Flow-electrode capacitive deionization utilizing three-dimensional foam current collector for real seawater desalination

Abstract

The three-dimensional (3D) carbon coated nickel foam was utilized as current collector in a flow-electrode capacitive deionization (CF-FCDI) device to strengthen the charge transfer ability of FCDI device, achieving distinguished desalination efficiency for real seawater. Utilizing 30 ppi carbon coated nickel foam as current collector with 12.5 wt% AC content at 1.2 V to treat 3.5 g L−1 NaCl solution, the CF-FCDI achieved 99.8% of salt removal efficiency (SRE), 3.29 µmol cm−2 min−1 of average salt removal rate (ASRR) and 97.0% of charge efficiency (CE), surpassing most desalination performances in previous reports.

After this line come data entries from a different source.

(* Suppose $(a_i)_{i=1}^n$, $(b_i)_{i=1}^n$, $(a'_i)_{i=1}^n$, $(b'_i)_{i=1}^n$ are sequences of complex numbers and $A, B, \epsilon$ are positive real numbers with $\epsilon < \min(1/A, 1/e)$, such that $\sum_{i=1}^n |a_i| e^{|b_i|} \le B$ and for all $i$: (1) $2|a_i| e^{|b_i|+1} \le A$; (2) $|b_i - b'_i| < \epsilon$; (3) $|a_i - a'_i| < \epsilon |a_i|$. Then $$\Big\| \prod_{i=1}^n Y(b_i) X(a_i) Y(-b_i) - \prod_{i=1}^n Y(b'_i) X(a'_i) Y(-b'_i) \Big\| \le 12\, e^{A+2B} B \epsilon.$$
   Context: For a matrix $U \in \mathfrak{sl}_2(\mathbb{C})$ and $t\in\mathbb{C}$, $U(t)$ denotes $\exp(tU)\in\mathrm{SL}_2(\mathbb{C})$. Let $X = \begin{pmatrix} 1/2 & 0 \\ 0 & -1/2 \end{pmatrix}$, $\theta = \begin{pmatrix} 0 & -1/2 \\ 1/2 & 0\end{pmatrix}$, and $Y = e^{(\pi/2)\mathrm{ad}_\theta} X = \theta(\pi/2) X \theta(-\pi/2)$. All matrices are regarded as elements of $M_2(\mathbb{C})$, and $\|\cdot\|$ is the operator norm with respect to the standard Hermitian ($L^2$) norm on $\mathbb{C}^2$. *)

theory Defs
  imports "HOL-Analysis.Analysis"
begin

type_synonym cmat = "complex^2^2"

fun mpow :: "cmat \<Rightarrow> nat \<Rightarrow> cmat" where
  "mpow U 0 = mat 1"
| "mpow U (Suc k) = U ** mpow U k"

definition mexp :: "cmat \<Rightarrow> cmat" where
  "mexp U = (\<Sum>k. inverse (fact k) *\<^sub>R mpow U k)"

definition csmul :: "complex \<Rightarrow> cmat \<Rightarrow> cmat" where
  "csmul c U = (\<chi> i j. c * U$i$j)"

definition mflow :: "cmat \<Rightarrow> complex \<Rightarrow> cmat" where
  "mflow U t = mexp (csmul t U)"

definition Xm :: cmat where
  "Xm = (\<chi> i j. if i = 1 \<and> j = 1 then 1/2 else if i = 2 \<and> j = 2 then -1/2 else 0)"

definition thetam :: cmat where
  "thetam = (\<chi> i j. if i = 1 \<and> j = 2 then -1/2 else if i = 2 \<and> j = 1 then 1/2 else 0)"

definition Ym :: cmat where
  "Ym = mflow thetam (of_real (pi/2)) ** Xm ** mflow thetam (of_real (-pi/2))"

text \<open>Operator norm w.r.t. the standard Hermitian (L2) norm on C^2.\<close>
definition opnorm :: "cmat \<Rightarrow> real" where
  "opnorm M = onorm (\<lambda>x. M *v x)"

definition oprod :: "(nat \<Rightarrow> cmat) \<Rightarrow> nat \<Rightarrow> cmat" where
  "oprod f n = foldr (\<lambda>i M. f i ** M) [1..<n+1] (mat 1)"

end

(* Explicitly Y = [[0, 1/2], [1/2, 0]], and Z(b) = 2 Y(b) X Y(-b) = [[cosh b, -sinh b], [sinh b, -cosh b]]
   is an involution, so each factor Y(b) X(a) Y(-b) = exp((a/2) Z(b)) equals cosh(a/2) I + sinh(a/2) Z(b).
   From these entries, every factor has operator norm at most exp(2 |a| e^|b|), also after the
   perturbation (a, b) -> (a', b') since eps < 1/e < 1/2, and the factors for (a, b) and (a', b') differ
   by at most 5 eps |a| e^|b| e^|a| <= 5 eps e^A |a| e^|b|. Telescoping the difference of the two
   ordered products then bounds it by e^(2B) * 5 eps e^A B. *)

theory Submission
  imports Defs
begin

section \<open>Estimates for exp, cosh and sinh\<close>

lemma norm_exp_minus_one_le:
  fixes w :: "'a::{banach, real_normed_algebra_1}"
  shows "norm (exp w - 1) \<le> exp (norm w) - 1"
proof -
  let ?f = "\<lambda>n. w ^ n /\<^sub>R fact n - (if n = 0 then 1 else 0)"
  let ?g = "\<lambda>n. norm w ^ n /\<^sub>R fact n - (if n = 0 then 1 else 0)"
  have f: "?f sums (exp w - 1)" and g: "?g sums (exp (norm w) - 1)"
    by (intro sums_diff exp_converges sums_single[of 0 "\<lambda>_. 1", simplified])+
  have "norm (?f n) \<le> ?g n" for n
    by (simp add: norm_power_ineq divide_right_mono)
  then have "norm (suminf ?f) \<le> suminf ?g"
    using g by (intro norm_suminf_le) (auto simp: sums_iff)
  then show ?thesis
    using f g by (simp add: sums_iff)
qed

lemma exp_minus_one_le_mult_exp: "exp x - 1 \<le> x * exp (x::real)" if "0 \<le> x"
proof -
  have "(1 - x) * exp x \<le> exp (-x) * exp x"
    using exp_ge_add_one_self[of "-x"] by (intro mult_right_mono) simp_all
  then show ?thesis
    by (simp add: algebra_simps flip: exp_add)
qed

lemma norm_exp_diff_le:
  fixes u v :: "'a::{banach, real_normed_field}"
  shows "norm (exp u - exp v) \<le> norm (u - v) * exp (norm (u - v) + norm v)"
proof -
  have "exp u - exp v = exp v * (exp (u - v) - 1)"
    by (simp add: algebra_simps flip: exp_add)
  then have "norm (exp u - exp v) = norm (exp v) * norm (exp (u - v) - 1)"
    by (simp add: norm_mult)
  also have "\<dots> \<le> exp (norm v) * (norm (u - v) * exp (norm (u - v)))"
    using norm_exp_minus_one_le[of "u - v"] exp_minus_one_le_mult_exp[of "norm (u - v)"]
    by (intro mult_mono norm_exp) simp_all
  finally show ?thesis
    by (simp add: exp_add mult_ac)
qed

lemma norm_cosh_diff_le:
  fixes u v :: "'a::{banach, real_normed_field}"
  shows "norm (cosh u - cosh v) \<le> norm (u - v) * exp (norm (u - v) + norm v)"
proof -
  have eq: "cosh u - cosh v = ((exp u - exp v) + (exp (-u) - exp (-v))) / 2"
    by (simp add: cosh_field_def field_simps)
  have "norm (cosh u - cosh v) = norm ((exp u - exp v) + (exp (-u) - exp (-v))) / 2"
    unfolding eq by (simp add: norm_divide)
  also have "\<dots> \<le> (norm (exp u - exp v) + norm (exp (-u) - exp (-v))) / 2"
    by (intro divide_right_mono norm_triangle_ineq) simp
  also have "\<dots> \<le> norm (u - v) * exp (norm (u - v) + norm v)"
    using norm_exp_diff_le[of u v] norm_exp_diff_le[of "-u" "-v"]
    by (simp add: norm_minus_commute[of u v])
  finally show ?thesis .
qed

lemma norm_sinh_diff_le:
  fixes u v :: "'a::{banach, real_normed_field}"
  shows "norm (sinh u - sinh v) \<le> norm (u - v) * exp (norm (u - v) + norm v)"
proof -
  have eq: "sinh u - sinh v = ((exp u - exp v) - (exp (-u) - exp (-v))) / 2"
    by (simp add: sinh_field_def field_simps)
  have "norm (sinh u - sinh v) = norm ((exp u - exp v) - (exp (-u) - exp (-v))) / 2"
    unfolding eq by (simp add: norm_divide)
  also have "\<dots> \<le> (norm (exp u - exp v) + norm (exp (-u) - exp (-v))) / 2"
    by (intro divide_right_mono norm_triangle_ineq4) simp
  also have "\<dots> \<le> norm (u - v) * exp (norm (u - v) + norm v)"
    using norm_exp_diff_le[of u v] norm_exp_diff_le[of "-u" "-v"]
    by (simp add: norm_minus_commute[of u v])
  finally show ?thesis .
qed

lemma norm_sinh_le:
  fixes w :: "'a::{banach, real_normed_algebra_1}"
  shows "norm (sinh w) \<le> sinh (norm w)"
proof -
  have "norm (\<Sum>n. if even n then 0 else w ^ n /\<^sub>R fact n)
      \<le> (\<Sum>n. if even n then 0 else norm w ^ n /\<^sub>R fact n)"
    using sinh_converges[of "norm w"]
    by (intro norm_suminf_le) (auto simp: sums_iff norm_power_ineq divide_right_mono)
  then show ?thesis
    using sinh_converges[of w] sinh_converges[of "norm w"] by (simp add: sums_iff)
qed

lemma norm_cosh_le:
  fixes w :: "'a::{banach, real_normed_algebra_1}"
  shows "norm (cosh w) \<le> cosh (norm w)"
proof -
  have "norm (\<Sum>n. if even n then w ^ n /\<^sub>R fact n else 0)
      \<le> (\<Sum>n. if even n then norm w ^ n /\<^sub>R fact n else 0)"
    using cosh_converges[of "norm w"]
    by (intro norm_suminf_le) (auto simp: sums_iff norm_power_ineq divide_right_mono)
  then show ?thesis
    using cosh_converges[of w] cosh_converges[of "norm w"] by (simp add: sums_iff)
qed

lemma sinh_le_mult_exp: "sinh y \<le> y * exp (y::real)" if "0 \<le> y"
proof -
  have "(1 - 2 * y) * exp y \<le> exp (-(2 * y)) * exp y"
    using exp_ge_add_one_self[of "-(2 * y)"] by (intro mult_right_mono) simp_all
  also have "exp (-(2 * y)) * exp y = exp (-y)"
    by (simp flip: exp_add)
  finally show ?thesis
    by (simp add: sinh_def algebra_simps)
qed

lemma cosh_plus_mult_sinh_le_exp: "cosh y + z * sinh y \<le> exp (z * y)"
  if "0 \<le> y" "1 \<le> (z::real)"
proof -
  have "cosh y + z * sinh y = exp y + (z - 1) * sinh y"
    by (simp add: algebra_simps flip: cosh_plus_sinh)
  also have "\<dots> \<le> exp y + (z - 1) * (y * exp y)"
    using sinh_le_mult_exp[OF \<open>0 \<le> y\<close>] \<open>1 \<le> z\<close> by (intro add_left_mono mult_left_mono) simp_all
  also have "\<dots> = exp y * (1 + (z - 1) * y)"
    by (simp add: algebra_simps)
  also have "\<dots> \<le> exp y * exp ((z - 1) * y)"
    by (intro mult_left_mono exp_ge_add_one_self) simp
  also have "\<dots> = exp (z * y)"
    by (simp add: algebra_simps flip: exp_add)
  finally show ?thesis .
qed

lemma cosh_sq_plus_sinh_sq_le: "(cosh y)\<^sup>2 + (sinh y)\<^sup>2 \<le> (exp (y::real))\<^sup>2" if "0 \<le> y"
proof -
  have "(cosh y)\<^sup>2 + (sinh y)\<^sup>2 = cosh (2 * y)"
    by (rule cosh_double[symmetric])
  also have "\<dots> \<le> exp (2 * y)"
    using that by (simp flip: cosh_plus_sinh)
  finally show ?thesis
    by (simp add: power2_eq_square flip: exp_add)
qed

section \<open>2 x 2 matrices and the operator norm\<close>

definition mat2 :: "complex \<Rightarrow> complex \<Rightarrow> complex \<Rightarrow> complex \<Rightarrow> cmat" where
  "mat2 p q r s = (\<chi> i j. if i = 1 then (if j = 1 then p else q) else (if j = 1 then r else s))"

lemma mat2_eq_iff: "mat2 p q r s = mat2 p2 q2 r2 s2 \<longleftrightarrow> p = p2 \<and> q = q2 \<and> r = r2 \<and> s = s2"
  by (simp add: mat2_def vec_eq_iff forall_2)

lemma mat2_mult:
  "mat2 p q r s ** mat2 p2 q2 r2 s2 = mat2 (p * p2 + q * r2) (p * q2 + q * s2) (r * p2 + s * r2) (r * q2 + s * s2)"
  by (simp add: mat2_def vec_eq_iff forall_2 matrix_matrix_mult_def sum_2)

lemma mat2_add: "mat2 p q r s + mat2 p2 q2 r2 s2 = mat2 (p + p2) (q + q2) (r + r2) (s + s2)"
  by (simp add: mat2_def vec_eq_iff forall_2)

lemma mat2_diff: "mat2 p q r s - mat2 p2 q2 r2 s2 = mat2 (p - p2) (q - q2) (r - r2) (s - s2)"
  by (simp add: mat2_def vec_eq_iff forall_2)

lemma csmul_mat2: "csmul c (mat2 p q r s) = mat2 (c * p) (c * q) (c * r) (c * s)"
  by (simp add: mat2_def csmul_def vec_eq_iff forall_2)

lemma mat_1_eq_mat2: "(mat 1 :: cmat) = mat2 1 0 0 1"
  by (simp add: mat2_def mat_def vec_eq_iff forall_2)

lemma Xm_eq_mat2: "Xm = mat2 (1/2) 0 0 (-1/2)"
  by (simp add: mat2_def Xm_def vec_eq_iff forall_2)

lemma thetam_eq_mat2: "thetam = mat2 0 (-1/2) (1/2) 0"
  by (simp add: mat2_def thetam_def vec_eq_iff forall_2)

lemma norm_mat2: "norm (mat2 p q r s) = sqrt ((cmod p)\<^sup>2 + (cmod q)\<^sup>2 + (cmod r)\<^sup>2 + (cmod s)\<^sup>2)"
  by (simp add: mat2_def norm_vec_def L2_set_def sum_2 add.assoc)

lemma matrix_diff_ldistrib: "(A::'a::ring_1^'n^'m) ** (B - C) = A ** B - A ** C"
  by (simp add: vec_eq_iff matrix_matrix_mult_def sum_subtractf right_diff_distrib)

lemma matrix_diff_rdistrib: "((A::'a::ring_1^'n^'m) - B) ** C = A ** C - B ** C"
  by (simp add: vec_eq_iff matrix_matrix_mult_def sum_subtractf left_diff_distrib)

lemma norm_matrix_vector_mult_le:
  fixes M :: "'a::real_normed_field^'n^'m"
  shows "norm (M *v x) \<le> norm M * norm x"
proof -
  have row: "norm ((M *v x) $ i) \<le> norm (M $ i) * norm x" for i
  proof -
    have "norm ((M *v x) $ i) \<le> (\<Sum>j\<in>UNIV. norm (M $ i $ j * x $ j))"
      unfolding matrix_vector_mult_def by (simp add: norm_sum)
    also have "\<dots> = (\<Sum>j\<in>UNIV. \<bar>norm (M $ i $ j)\<bar> * \<bar>norm (x $ j)\<bar>)"
      by (simp add: norm_mult)
    also have "\<dots> \<le> norm (M $ i) * norm x"
      unfolding norm_vec_def by (rule L2_set_mult_ineq)
    finally show ?thesis .
  qed
  have "norm (M *v x) \<le> L2_set (\<lambda>i. norm (M $ i) * norm x) UNIV"
    unfolding norm_vec_def[of "M *v x"] by (rule L2_set_mono) (use row in auto)
  also have "\<dots> = norm M * norm x"
    by (simp add: norm_vec_def[of M] L2_set_left_distrib)
  finally show ?thesis .
qed

lemma opnorm_nonneg: "0 \<le> opnorm M"
  unfolding opnorm_def by (rule onorm_pos_le[OF matrix_vector_mul_bounded_linear])

lemma opnorm_zero: "opnorm 0 = 0"
proof -
  have "(\<lambda>x. (0::cmat) *v x) = (\<lambda>x. 0)"
    by (rule ext) simp
  then show ?thesis
    unfolding opnorm_def by (metis onorm_zero)
qed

Compared with the titanium mesh (TM-FCDI) and graphite plate (GP-FCDI) current collector, the three-dimensional electric field and computational fluid dynamics (CFD) simulations demonstrated that 3D foam current collector has obvious stronger competitiveness. Its intrinsic 3D interconnected open-pore structure as flow channel and 3D electric field could not only enlarge the charge contact area between the current collector and flow-electrode, but also eliminate the restriction of 0.75 mm effective charging range within the carbon slurry in traditional serpentine flow channels. Finally, the excellent desalination performance of CF-FCDI device was also verified by treating simulated seawater, real seawater samples from Yellow Sea and South China Sea with a high SRE of 99.9%, 99.8%, and 99.9%, respectively. This work introduced a new strategy for enhancing charge transfer ability and overall desalination efficiency of FCDI device by utilizing a novel 3D foam-structured current collector for real seawater desalination.